— WORK TO COMPLETE —
Once the line with "(Suc d)) = (snd" is found in the entries below, repeat it and each following line exactly, up to and including the line with "unfolding copy_edges_def by blast". Add no other lines.

— DATASET RECORDS —
text \<open>
  The inverse of the scaled TC kernel is \<open>D\<^sup>T W D\<close>, with \<open>D\<close> the forward difference
  and \<open>W\<close> diagonal with nondecreasing positive weights, so \<open>A = \<Sigma> + D\<^sup>T W D\<close> is
  positive definite and \<open>A b = e\<^sub>0 / b\<^sub>0\<close> for the estimate \<open>b\<close>. If \<open>z\<close> is a root,
  dividing out \<open>X - z\<close> writes the coefficient vector as \<open>b = h - z s\<close>, where \<open>s\<close> is \<open>h\<close> shifted down by one place.
  Since \<open>s\<^sub>0 = 0\<close>, \<open>s\<^sup>* A b = 0\<close>, whence \<open>b\<^sup>* A b = h\<^sup>* A h - |z|\<^sup>2 s\<^sup>* A s\<close>.
  The shift leaves the Toeplitz part unchanged and can only increase the difference part,
  so \<open>h\<^sup>* A h \<le> s\<^sup>* A s\<close>, and positivity of \<open>b\<^sup>* A b\<close> gives \<open>|z| < 1\<close>.
\<close>

lemma minv_eq_right_inverse:
  fixes A B :: "'a :: field mat"
  assumes A: "A \<in> carrier_mat m m" and B: "B \<in> carrier_mat m m" and AB: "A * B = 1\<^sub>m m"
  shows "the (mat_inverse A) = B"
proof -
  have "det A * det B = 1" using arg_cong[OF AB, of det] det_mult[OF A B] det_one by simp
  hence "det A \<noteq> 0" by auto
  hence "A \<in> Units (ring_mat TYPE('a) m m)" by (rule det_non_zero_imp_unit[OF A])
  then obtain C where C: "mat_inverse A = Some C"
    using mat_inverse(1)[OF A, of m] by (cases "mat_inverse A") auto
  from mat_inverse(2)[OF A C] have CA: "C * A = 1\<^sub>m m" and Cc: "C \<in> carrier_mat m m" by auto
  have "C = C * (A * B)" using AB Cc by simp
  also have "\<dots> = (C * A) * B" using A B Cc by (simp add: assoc_mult_mat)
  also have "\<dots> = B" using CA B by simp
  finally show ?thesis unfolding C by simp
qed
text \<open>For \<open>d = 0\<close> the removed edge is absent anyway, so this also describes \<open>H\<^sub>1\<close>.\<close>
lemma snd_Hd_Suc:
  assumes g: "is_graph H" and es: "edge_seq H es"
  shows "snd (Hd H es (Suc d)) = (snd (Hd H es d) - {Pair d ` es (Suc d)}) \<union> copy_edges H es (Suc d)"
proof (rule equalityI[OF snd_Hd_Suc_subset[OF g es] subsetI])
  fix f assume f: "f \<in> (snd (Hd H es d) - {Pair d ` es (Suc d)}) \<union> copy_edges H es (Suc d)"
  show "f \<in> snd (Hd H es (Suc d))"
  proof (cases "f \<in> copy_edges H es (Suc d)")
    case True
    then obtain h where "f = glue es (Suc d) ` h" "h \<in> snd H" "h \<noteq> es (Suc d)"
      unfolding copy_edges_def by blast
    then show ?thesis unfolding mem_snd_Hd by (intro exI[of _ "Suc d"] exI[of _ h]) auto
  next
    case False
    then have old: "f \<in> snd (Hd H es d)" and "f \<noteq> Pair d ` es (Suc d)" using f by auto
    from old obtain j h where jh: "f = glue es j ` h" "1 \<le> j" "j \<le> d" "h \<in> snd H"
      "\<not> (j = 1 \<and> h = es 1)" "\<not> (2 \<le> j \<and> h = es j)" "\<not> (j < d \<and> h = es (Suc j))"
      unfolding mem_snd_Hd by blast
    have "\<not> (j = d \<and> h = es (Suc d))"
    proof
      assume "j = d \<and> h = es (Suc d)"
      then have "f = Pair d ` es (Suc d)" using jh(1,2) glue_shared_edge[OF es] by simp
      with \<open>f \<noteq> Pair d ` es (Suc d)\<close> show False ..
    qed
    with jh show ?thesis unfolding mem_snd_Hd by (intro exI[of _ j] exI[of _ h]) auto
  qed
qed

lemma fst_Hd_inter_copy:
  assumes es: "edge_seq H es" and d: "d \<ge> 1" and A: "A \<subseteq> fst H"
  shows "fst (Hd H es d) \<inter> glue es (Suc d) ` A = glue es (Suc d) ` (A \<inter> es (Suc d))"
proof (intro equalityI subsetI)
  fix p assume p: "p \<in> fst (Hd H es d) \<inter> glue es (Suc d) ` A"
  then obtain x where x: "x \<in> A" "p = glue es (Suc d) x" by auto
  have "x \<in> es (Suc d)"
    using fst_le_of_mem_Hd[of p] p glue_unshared[of x es "Suc d"] x(2) by fastforce
  then show "p \<in> glue es (Suc d) ` (A \<inter> es (Suc d))" using x by blast
next
  fix p assume "p \<in> glue es (Suc d) ` (A \<inter> es (Suc d))"
  then obtain x where x: "x \<in> A" "x \<in> es (Suc d)" "p = glue es (Suc d) x" by auto
  have "x \<notin> es d" using es d x(2) unfolding edge_seq_def by auto
  then have "p = glue es d x"
    using glue_shared[of d x es, OF d x(2)] glue_unshared[of x es d] x(3) by simp
  moreover have "glue es d x \<in> fst (Hd H es d)"
    unfolding mem_fst_Hd using d x(1) A by (intro exI[of _ d] exI[of _ x]) auto
  moreover have "p \<in> glue es (Suc d) ` A" using x(1,3) by blast
  ultimately show "p \<in> fst (Hd H es d) \<inter> glue es (Suc d) ` A" by simp
qed
(* Let $A\in\mathbb{C}^{n\times n}$ with $k=\mathrm{Ind}(A)$, and let $m\in\mathbb{N}=\{1,2,\dots\}$. Then: (a) $A^{\#_m}=(A^{\mathrm{cEP}})^{m+1}A^mP_{A^m}$; (b) $A^{\#_m}=(A^{\mathrm{WG}})^mA^{m-1}P_{A^m}$; (c) $AA^{\#_m}=(A^{\mathrm{cEP}})^mA^mP_{A^m}=A^{\mathrm{WG}_{m-1}}AP_{A^m}$; (d) $A^{\#_m}A=(A^{\mathrm{cEP}})^{m+1}A^mP_{A^m}A$; (e) $A^{\#_m}A^m=A^{\mathrm{WG}_m}A^m=(A^{\mathrm{cEP}})^{m+1}A^{2m}$; (f) for every $Y\in\mathbb{C}^{n\times n}$ with $YAY=Y$ and $\mathcal{R}(Y)=\mathcal{R}(A^k)$, one has $A^{\#_m}=YAA^{\#_m}$.
   Context: For $A\in\mathbb{C}^{n\times n}$: $A^\dagger$ is the Moore–Penrose inverse, $\mathcal{R}(\cdot)$ and $\mathcal{N}(\cdot)$ denote column space and null space, $P_A=AA^\dagger$, and $A^0=I_n$. The index $\mathrm{Ind}(A)$ is the smallest nonnegative integer $k$ with $\mathcal{R}(A^k)=\mathcal{R}(A^{k+1})$. The core-EP inverse $A^{\mathrm{cEP}}$ is the unique $X\in\mathbb{C}^{n\times n}$ with $XAX=X$ and $\mathcal{R}(X)=\mathcal{R}(X^* )=\mathcal{R}(A^k)$, $k=\mathrm{Ind}(A)$. For an integer $j\ge 0$, the $j$-weak group inverse is $A^{\mathrm{WG}_j}:=(A^{\mathrm{cEP}})^{j+1}A^j$; the WG inverse is $A^{\mathrm{WG}}:=A^{\mathrm{WG}_1}=(A^{\mathrm{cEP}})^2A$. For $m\in\mathbb{N}$, the $m$-weak core inverse of $A$ is $A^{\#_m}:=A^{\mathrm{WG}_m}P_{A^m}$. *)

theory Defs
  imports "HOL-Analysis.Analysis"
begin

type_synonym 'n cmat = "complex^'n^'n"

definition ctrans :: "'n::finite cmat \<Rightarrow> 'n cmat" where
  "ctrans A = (\<chi> i j. cnj (A $ j $ i))"

fun mpow :: "'n::finite cmat \<Rightarrow> nat \<Rightarrow> 'n cmat" where
  "mpow A 0 = mat 1"
| "mpow A (Suc k) = A ** mpow A k"
(* Let $m\ge3$, $\Lambda\in\mathbb{R}$, and let $u:(\mathbb{R}^m\setminus\{0\})\times(-\infty,\Lambda)\to\mathbb{R}$ be a solution of the heat equation $\partial_tu=\Delta u$ with respect to the Euclidean metric. Suppose there exist $C>0$ and $0<\nu<m-2$ with $|\nabla^\ell u(x,t)|\le C|x|^{-\nu-\ell}$ for all $x\neq0$, $t\in(-\infty,\Lambda)$ and $\ell\in\{0,1,2\}$. Then $u\equiv0$. *)

theory Defs
  imports "HOL-Analysis.Analysis"
begin

end

theory Submission
  imports Defs
begin

text \<open>
  A barrier argument. Since \<open>|x|\<^sup>2\<^sup>-\<^sup>m\<close> is harmonic and \<open>\<Delta>|x|\<^sup>2 = 2m\<close>, the function
  \<open>\<epsilon>|x|\<^sup>2\<^sup>-\<^sup>m + \<eta>(R\<^sup>2 - |x|\<^sup>2) + m\<eta>(t\<^sub>0 - t) + \<delta>\<close> is a strict supersolution of the heat
  equation. Because \<open>\<nu> < m - 2\<close>, the decay \<open>|u| \<le> C|x|\<^sup>-\<^sup>\<nu>\<close> keeps \<open>u\<close> below it on the
  inner sphere \<open>|x| = r\<close> for small \<open>r\<close>, on the outer sphere \<open>|x| = R\<close> for large \<open>R\<close>, and at a
  sufficiently early initial time; by the maximum principle \<open>u\<close> stays below it in the whole
  cylinder. Letting \<open>\<epsilon>, \<eta>, \<delta> \<rightarrow> 0\<close> gives \<open>u \<le> 0\<close>, and the same for \<open>-u\<close>.
\<close>

definition punctured_heat_solution ::
    "real \<Rightarrow> ('a::euclidean_space \<Rightarrow> real \<Rightarrow> real) \<Rightarrow> ('a \<Rightarrow> real \<Rightarrow> 'a)
      \<Rightarrow> ('a \<Rightarrow> real \<Rightarrow> 'a \<Rightarrow> 'a) \<Rightarrow> ('a \<Rightarrow> real \<Rightarrow> real) \<Rightarrow> bool" where
  "punctured_heat_solution \<Lambda> u Du D2u ut \<longleftrightarrow>
     continuous_on ((UNIV - {0}) \<times> {..<\<Lambda>}) (\<lambda>(x, t). u x t) \<and>
     (\<forall>x t. x \<noteq> 0 \<and> t < \<Lambda> \<longrightarrow>
        ((\<lambda>y. u y t) has_derivative (\<lambda>h. Du x t \<bullet> h)) (at x) \<and>
        ((\<lambda>y. Du y t) has_derivative D2u x t) (at x) \<and>
        ((\<lambda>s. u x s) has_real_derivative ut x t) (at t) \<and>
        ut x t = (\<Sum>i\<in>Basis. D2u x t i \<bullet> i))"

lemma punctured_heat_solution_uminus:
  assumes "punctured_heat_solution \<Lambda> u Du D2u ut"
  shows "punctured_heat_solution \<Lambda> (\<lambda>x t. - u x t) (\<lambda>x t. - Du x t)
           (\<lambda>x t h. - D2u x t h) (\<lambda>x t. - ut x t)"
  using assms continuous_on_minus[of _ "\<lambda>(x, t). u x t"]
  unfolding punctured_heat_solution_def
  by (auto intro!: derivative_eq_intros simp: case_prod_beta sum_negf)

lemma second_derivative_nonpos_at_local_max:
  fixes g g' :: "real \<Rightarrow> real"
  assumes "d > 0"
    and dg: "\<And>s. \<bar>s\<bar> < d \<Longrightarrow> (g has_real_derivative g' s) (at s)"
    and dg': "(g' has_real_derivative g'') (at 0)"
    and max: "\<And>s. \<bar>s\<bar> < d \<Longrightarrow> g s \<le> g 0"
  shows "g'' \<le> 0"
proof (rule ccontr)
  assume "\<not> g'' \<le> 0"
  then obtain e where "e > 0" and inc: "\<And>h. h > 0 \<Longrightarrow> h < e \<Longrightarrow> g' 0 < g' (0 + h)"
    using DERIV_pos_inc_right[OF dg'] by auto
  have "g' 0 = 0"
    using DERIV_local_max[OF dg[of 0] \<open>d > 0\<close>] max \<open>d > 0\<close> by auto
  define s where "s = min e d / 2"
  have s: "0 < s" "s < e" "s < d" using \<open>e > 0\<close> \<open>d > 0\<close> by (auto simp: s_def)
  have "\<exists>z. 0 < z \<and> z < s \<and> g s - g 0 = (s - 0) * g' z"
    by (rule MVT2) (use s in \<open>auto intro!: dg\<close>)
  then obtain z where z: "0 < z" "z < s" "g s - g 0 = s * g' z" by auto
  have "g' z > 0" using inc[of z] z s \<open>g' 0 = 0\<close> by auto
  with z s have "g s > g 0" by (smt (verit) mult_pos_pos)
  with max[of s] s show False by simp
qed

lemma hessian_trace_nonpos_at_max:
  fixes v :: "'a::euclidean_space \<Rightarrow> real" and Dv :: "'a \<Rightarrow> 'a"
  assumes "open S" "x \<in> S"
    and max: "\<And>y. y \<in> S \<Longrightarrow> v y \<le> v x"
    and dv: "\<And>y. y \<in> S \<Longrightarrow> (v has_derivative (\<lambda>h. Dv y \<bullet> h)) (at y)"
    and d2v: "(Dv has_derivative D2v) (at x)"
  shows "(\<Sum>i\<in>Basis. D2v i \<bullet> i) \<le> 0"
proof (rule sum_nonpos)
  fix i :: 'a assume i: "i \<in> Basis"
  obtain d where "d > 0" "ball x d \<subseteq> S" using assms(1,2) open_contains_ball by blast
  have line: "x + s *\<^sub>R i \<in> S" if "\<bar>s\<bar> < d" for s
    using i that \<open>ball x d \<subseteq> S\<close> by (auto simp: dist_norm)
  have dline: "((\<lambda>s. x + s *\<^sub>R i) has_derivative (\<lambda>h. h *\<^sub>R i)) (at s)" for s
    by (auto intro!: derivative_eq_intros)
  show "D2v i \<bullet> i \<le> 0"
  proof (rule second_derivative_nonpos_at_local_max[OF \<open>d > 0\<close>,
        where g = "\<lambda>s. v (x + s *\<^sub>R i)" and g' = "\<lambda>s. Dv (x + s *\<^sub>R i) \<bullet> i"])
    fix s :: real assume "\<bar>s\<bar> < d"
    show "((\<lambda>s. v (x + s *\<^sub>R i)) has_real_derivative Dv (x + s *\<^sub>R i) \<bullet> i) (at s)"
      using has_derivative_compose[OF dline dv[OF line[OF \<open>\<bar>s\<bar> < d\<close>]]]
      by (simp add: has_field_derivative_def mult_commute_abs)
    show "v (x + s *\<^sub>R i) \<le> v (x + 0 *\<^sub>R i)" using max line[OF \<open>\<bar>s\<bar> < d\<close>] by simp
  next
    have "((\<lambda>s. Dv (x + s *\<^sub>R i) \<bullet> i) has_derivative (\<lambda>h. D2v (h *\<^sub>R i) \<bullet> i)) (at 0)"
      using has_derivative_compose[OF dline, of Dv D2v] d2v by (auto intro!: derivative_eq_intros)
    moreover have "(\<lambda>h. D2v (h *\<^sub>R i) \<bullet> i) = (\<lambda>h. (D2v i \<bullet> i) * h)"
      using linear_scale[OF has_derivative_linear[OF d2v]] by auto
    ultimately show "((\<lambda>s. Dv (x + s *\<^sub>R i) \<bullet> i) has_real_derivative D2v i \<bullet> i) (at 0)"
      by (simp add: has_field_derivative_def)
  qed
qed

— YOUR RESPONSE —
  shows "snd (Hd H es (Suc d)) = (snd (Hd H es d) - {Pair d ` es (Suc d)}) \<union> copy_edges H es (Suc d)"
proof (rule equalityI[OF snd_Hd_Suc_subset[OF g es] subsetI])
  fix f assume f: "f \<in> (snd (Hd H es d) - {Pair d ` es (Suc d)}) \<union> copy_edges H es (Suc d)"
  show "f \<in> snd (Hd H es (Suc d))"
  proof (cases "f \<in> copy_edges H es (Suc d)")
    case True
    then obtain h where "f = glue es (Suc d) ` h" "h \<in> snd H" "h \<noteq> es (Suc d)"
      unfolding copy_edges_def by blast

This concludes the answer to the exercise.